Back in ~2018 or something I did a deep dive down the balance sheets of various British banks during the 1800s, and realized that they looked awfully conservative. It's like they're prepping for disaster at any point, holding so much liquid short-term assets and deposits with other banks that they make Circle or Tether look risky.
Among Walter Bagehot's many contributions to banking, his conviction that the central bank operate merely like a small bank on a large scale is among the least appreciated. From Bostun Uni prof Perry Mehrling's review of James Grant's biography of Bagehot a couple of years ago:
In this context, Bagehot’s Principle, which urged free lending against securities that would be good in normal times, can be seen not so much as a radical expansion of central bank responsibility but rather as a conservative banker’s reassertion of the central position of traditional banking in the brave new world of capital finance that was emerging.
Stuckey's, the bank that Bagehot and his family ran, survived over the long haul probably because they ran their ship so conservatively, holding structurally more cash and liquid assets than their competitors.
Anyway, I'm straying off topic, but my argument was that the Bank of England thoroughly and credibly became a lender of last resort at some point in the latter half of the 19th century, stretching Bagehot's life. Not necessarily in response to his prolific writing but hardly unaffected by it either. The Bank of England learned gradually, from crisis to crisis, how to manage the monetary system they sat at the base of:
The Bank’s history was always one of experimentation, of gradually learning its craft and adapting to changing economic and institutional environments. It was established in 1694 by royal charter but with private shareholders, with the explicit purpose of raising revenue for the government, and over the 18th century established its private business. For all intents and purposes, it was just another company — albeit with certain government privileges.
The dating is trixy. Three banking historians recently tried to show that, using granular data for various market spreads. Following their methods, we get a rather murky outcome:
Here's what I discovered during my grad school days: A credible LOLR standing ready to support illiquid banks would induce commercial banks to
  • (a) hold less equity as the default risk from illiquidity-induced fire sales is smaller, and
  • (b) reduce their holdings of liquid assets, such as cash and easily sold British consols (long-term government debt) since the purpose of liquid assets is to insure against illiquidity, which the Bank is now meant to provide.

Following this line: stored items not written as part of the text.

(* Let $V$ be a vertex algebra over a field $\mathbb{F}$ of characteristic $p$, and let $(W,Y_W)$ be a $V$-module. Write $Y_W(a,x)=\sum_{n\in\mathbb{Z}}a_nx^{-n-1}$. Let $a\in V$ be such that on $W$ the operators $a_n$ ($n\in\mathbb{N}$) mutually commute and the operators $a_{-n}$ ($n\in\mathbb{Z}_+$) mutually commute. Then for every $n\in\mathbb{Z}_+$, $$Y_W\big((a_{-n})^p\mathbf 1,x\big)=\sum_{j\ge0}\binom{n+j-1}{j}a_{-n-j}^p\,x^{jp}+\sum_{j\ge0}(-1)^{1-n}\binom{n+j-1}{j}a_j^p\,x^{-p(n+j)}.$$ Here $(a_{-n})^p\mathbf 1\in V$ is computed with the vertex operators of $V$, and the right-hand side uses the operators on $W$. In particular, $$Y_W\big((a_{-1})^p\mathbf 1,x\big)=\sum_{j\in\mathbb{Z}}a_j^p\,x^{-p(j+1)}.$$
   Context: Let $p$ be a prime and $\mathbb{F}$ a field of characteristic $p$. Integers, and binomial coefficients $\binom{n}{k}=\frac{n(n-1)\cdots(n-k+1)}{k!}$ for $n\in\mathbb{Z}$, $k\in\mathbb{N}$, are viewed as elements of the prime subfield of $\mathbb{F}$. We write $\mathbb{Z}_+$ for the positive integers. <b>Formal calculus.</b> For every $n\in\mathbb{Z}$ set $(x+y)^n=\sum_{k\ge0}\binom{n}{k}x^{n-k}y^k$, and let $\delta(x)=\sum_{n\in\mathbb{Z}}x^n$. <b>Vertex algebras.</b> A vertex algebra over $\mathbb{F}$ is a vector space $V$ with a vector $\mathbf 1$ and a linear map $$Y(\cdot,x):V\to(\mathrm{End}\,V)[[x,x^{-1}]],\qquad v\mapsto Y(v,x)=\sum_{n\in\mathbb{Z}}v_nx^{-n-1},$$ satisfying the following conditions for all $u,v\in V$: <ul> <li>$u_nv=0$ for $n\gg0$;</li> <li>$Y(\mathbf 1,x)=\mathrm{id}_V$;</li> <li>$Y(v,x)\mathbf 1\in V[[x]]$ and its constant term is $v$;</li> <li>the Jacobi identity $$x_0^{-1}\delta\!\left(\tfrac{x_1-x_2}{x_0}\right)Y(u,x_1)Y(v,x_2)-x_0^{-1}\delta\!\left(\tfrac{x_2-x_1}{-x_0}\right)Y(v,x_2)Y(u,x_1)=x_2^{-1}\delta\!\left(\tfrac{x_1-x_0}{x_2}\right)Y(Y(u,x_0)v,x_2).$$</li> </ul> A $V$-module is a vector space $W$ with a linear map $Y_W(\cdot,x):V\to(\mathrm{End}\,W)[[x,x^{-1}]]$ satisfying truncation ($u_nw=0$ for $n\gg0$), $Y_W(\mathbf 1,x)=\mathrm{id}_W$, and the same Jacobi identity with $Y_W$ in place of $Y$ in the three products of vertex operators. *)

theory Defs
  imports Complex_Main "HOL-Computational_Algebra.Primes"
begin

text \<open>Binomial coefficient with integer upper argument, viewed as an integer:
  binom n k = n(n-1)...(n-k+1)/k!  (exact division).  It is mapped into a field via of_int.\<close>
definition ibinom :: "int \<Rightarrow> nat \<Rightarrow> int" where
  "ibinom n k = (\<Prod>i<k. n - int i) div fact k"

definition fin_sum :: "(nat \<Rightarrow> 'a::comm_monoid_add) \<Rightarrow> 'a" where
  "fin_sum f = (\<Sum>i | f i \<noteq> 0. f i)"

text \<open>Coefficient of x^m in the formal series  sum_j c_j x^(e j).\<close>
definition series_coeff :: "('i \<Rightarrow> int) \<Rightarrow> ('i \<Rightarrow> 'a::comm_monoid_add) \<Rightarrow> int \<Rightarrow> 'a" where
  "series_coeff e c m = (\<Sum>j | e j = m. c j)"

text \<open>Vertex algebra over a field 'f, given in components: Y u n v = u_n v,
  so Y(u,x) = sum_n u_n x^(-n-1).  The Jacobi identity is stated through its
  coefficient of x0^(-l-1) x1^(-m-1) x2^(-n-1) (applied to a vector w); every
  occurring sum over i is finite by the truncation condition.\<close>
locale vertex_algebra =
  fixes smul :: "'f::field \<Rightarrow> 'v::ab_group_add \<Rightarrow> 'v"
    and vac :: 'v
    and Y :: "'v \<Rightarrow> int \<Rightarrow> 'v \<Rightarrow> 'v"
  assumes vs: "vector_space smul"
    and Y_linear_left: "\<And>n v. Vector_Spaces.linear smul smul (\<lambda>u. Y u n v)"
    and Y_linear_right: "\<And>u n. Vector_Spaces.linear smul smul (Y u n)"
    and truncation: "\<And>u v. \<exists>N. \<forall>n\<ge>N. Y u n v = 0"
    and vacuum: "\<And>n v. Y vac n v = (if n = -1 then v else 0)"
    and creation: "\<And>v n. n \<ge> 0 \<Longrightarrow> Y v n vac = 0"
    and creation_const: "\<And>v. Y v (-1) vac = v"
    and jacobi: "\<And>u v w l m n.
      fin_sum (\<lambda>i. smul ((-1)^i * of_int (ibinom l i))
          (Y u (l + m - int i) (Y v (n + int i) w)
           - smul ((-1) powi l) (Y v (l + n - int i) (Y u (m + int i) w))))
      = fin_sum (\<lambda>i. smul ((-1)^i * of_int (ibinom (int i - m - 1) i))
          (Y (Y u (l + int i) v) (m + n - int i) w))"

locale va_module = vertex_algebra smul vac Y
  for smul :: "'f::field \<Rightarrow> 'v::ab_group_add \<Rightarrow> 'v" and vac Y +
  fixes smulW :: "'f \<Rightarrow> 'w::ab_group_add \<Rightarrow> 'w"
    and YW :: "'v \<Rightarrow> int \<Rightarrow> 'w \<Rightarrow> 'w"
  assumes vsW: "vector_space smulW"
    and YW_linear_left: "\<And>n w. Vector_Spaces.linear smul smulW (\<lambda>u. YW u n w)"
    and YW_linear_right: "\<And>u n. Vector_Spaces.linear smulW smulW (YW u n)"
    and truncationW: "\<And>u w. \<exists>N. \<forall>n\<ge>N. YW u n w = 0"
    and vacuumW: "\<And>n w. YW vac n w = (if n = -1 then w else 0)"
    and jacobiW: "\<And>u v w l m n.
      fin_sum (\<lambda>i. smulW ((-1)^i * of_int (ibinom l i))
          (YW u (l + m - int i) (YW v (n + int i) w)
           - smulW ((-1) powi l) (YW v (l + n - int i) (YW u (m + int i) w))))
      = fin_sum (\<lambda>i. smulW ((-1)^i * of_int (ibinom (int i - m - 1) i))
          (YW (Y u (l + int i) v) (m + n - int i) w))"

end

theory Submission
  imports Defs "HOL-Library.Function_Algebras"
begin

text \<open>For \<open>n \<ge> 1\<close> the Jacobi identity writes the field \<open>Y_W(a_{-n} b, x)\<close> as \<open>(L + R) Y_W(b, x)\<close>,
  where \<open>L\<close> multiplies from the left by the modes \<open>a_{-n-i}\<close> and \<open>R\<close> from the right by the
  modes \<open>a_i\<close> (\<open>i \<ge> 0\<close>), both weighted by binomial coefficients. Acting on opposite sides,
  \<open>L\<close> and \<open>R\<close> commute, so in characteristic \<open>p\<close> we get \<open>(L + R)^p = L^p + R^p\<close>, and applying
  this to \<open>Y_W(1, x) = id\<close> computes \<open>Y_W((a_{-n})^p 1, x)\<close>. On coefficients, \<open>L\<close> and \<open>R\<close> are
  sums of shift operators, one per mode, which commute by hypothesis; a second use of the
  Frobenius identity keeps only the \<open>p\<close>-th powers of single modes, and the binomial
  coefficients are fixed by Frobenius on the prime field.\<close>

section \<open>The Frobenius identity for commuting additive maps\<close>

definition nsmul :: "nat \<Rightarrow> 'a::comm_monoid_add \<Rightarrow> 'a" where
  "nsmul k v = (\<Sum>i<k. v)"

lemma nsmul_0 [simp]: "nsmul 0 v = 0"
  by (simp add: nsmul_def)

lemma nsmul_Suc: "nsmul (Suc k) v = v + nsmul k v"
  by (simp add: nsmul_def add.commute)

lemma nsmul_Suc_0 [simp]: "nsmul (Suc 0) v = v"
  by (simp add: nsmul_def)

lemma nsmul_add: "nsmul (k + l) v = nsmul k v + nsmul l v"
  by (induct k) (simp_all add: nsmul_Suc add.assoc)

lemma nsmul_mult: "nsmul (k * l) v = nsmul k (nsmul l v)"
  by (induct k) (simp_all add: nsmul_Suc nsmul_add)

lemma sum_fun_apply: "sum f A x = (\<Sum>i\<in>A. f i x)"
  by (induct A rule: infinite_finite_induct) auto

lemma nsmul_fun_apply: "nsmul k f x = nsmul k (f x)"
  by (simp add: nsmul_def sum_fun_apply)

lemma sum_nsmul_pascal:
  "(\<Sum>k\<le>s. nsmul (s choose k) (T (Suc k))) + (\<Sum>k\<le>s. nsmul (s choose k) (T k))
     = (\<Sum>k\<le>Suc s. nsmul (Suc s choose k) (T k))"
proof -
  have "(\<Sum>k\<le>Suc s. nsmul (Suc s choose k) (T k))
      = T 0 + (\<Sum>k\<le>s. nsmul (s choose k) (T (Suc k))) + (\<Sum>k\<le>s. nsmul (s choose Suc k) (T (Suc k)))"
    by (subst sum.atMost_Suc_shift) (simp add: nsmul_add sum.distrib add.assoc)
  moreover have "(\<Sum>k\<le>s. nsmul (s choose k) (T k)) = T 0 + (\<Sum>k<s. nsmul (s choose Suc k) (T (Suc k)))"
    by (subst sum.atMost_shift) simp
  moreover have "(\<Sum>k<s. nsmul (s choose Suc k) (T (Suc k))) = (\<Sum>k\<le>s. nsmul (s choose Suc k) (T (Suc k)))"
    by (simp add: lessThan_Suc_atMost[symmetric] binomial_eq_0)
  ultimately show ?thesis
    by (simp add: ac_simps)
qed

locale additive_on =
  fixes S :: "'a::ab_group_add set" and X :: "'a \<Rightarrow> 'a"
  assumes zero_mem: "0 \<in> S"
    and add_mem: "\<And>u v. u \<in> S \<Longrightarrow> v \<in> S \<Longrightarrow> u + v \<in> S"
    and maps_to: "\<And>u. u \<in> S \<Longrightarrow> X u \<in> S"
    and add: "\<And>u v. u \<in> S \<Longrightarrow> v \<in> S \<Longrightarrow> X (u + v) = X u + X v"
begin

lemma zero: "X 0 = 0"
  using add[OF zero_mem zero_mem] by simp

lemma sum_mem: "(\<And>x. x \<in> A \<Longrightarrow> f x \<in> S) \<Longrightarrow> sum f A \<in> S"
  by (induct A rule: infinite_finite_induct) (auto simp: zero_mem add_mem)

lemma nsmul_mem: "u \<in> S \<Longrightarrow> nsmul k u \<in> S"
  unfolding nsmul_def by (rule sum_mem)

lemma sum: "(\<And>x. x \<in> A \<Longrightarrow> f x \<in> S) \<Longrightarrow> X (sum f A) = (\<Sum>x\<in>A. X (f x))"
  by (induct A rule: infinite_finite_induct) (auto simp: zero add sum_mem)

lemma nsmul: "u \<in> S \<Longrightarrow> X (nsmul k u) = nsmul k (X u)"
  unfolding nsmul_def by (rule sum)

lemma funpow_mem: "u \<in> S \<Longrightarrow> (X ^^ k) u \<in> S"
  by (induct k) (auto simp: maps_to)

end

In the second half of the 19th century we see neither of those tendencies. Indeed, following each of the financial crises in 1866, 1878, and 1890, when the Bank was allegedly well-established as an LOLR, commercial banks increased their liquid positions to permanently higher levels. We see the opposite of what we would see had the commercial banks trusted the Bank’s newfound liquidity assistance.
Loved doing that work, as well as writing this piece: Not sure that it translates well for SN but we'll see whatcha think.
247 sats \ 1 reply \ @oklar 14 Jan
I'm especially under-read on the topic. Some questions.
Is part of the problem of answering 'when' to do with definitions? (I see that LOLR and central bank are almost used interchangably.)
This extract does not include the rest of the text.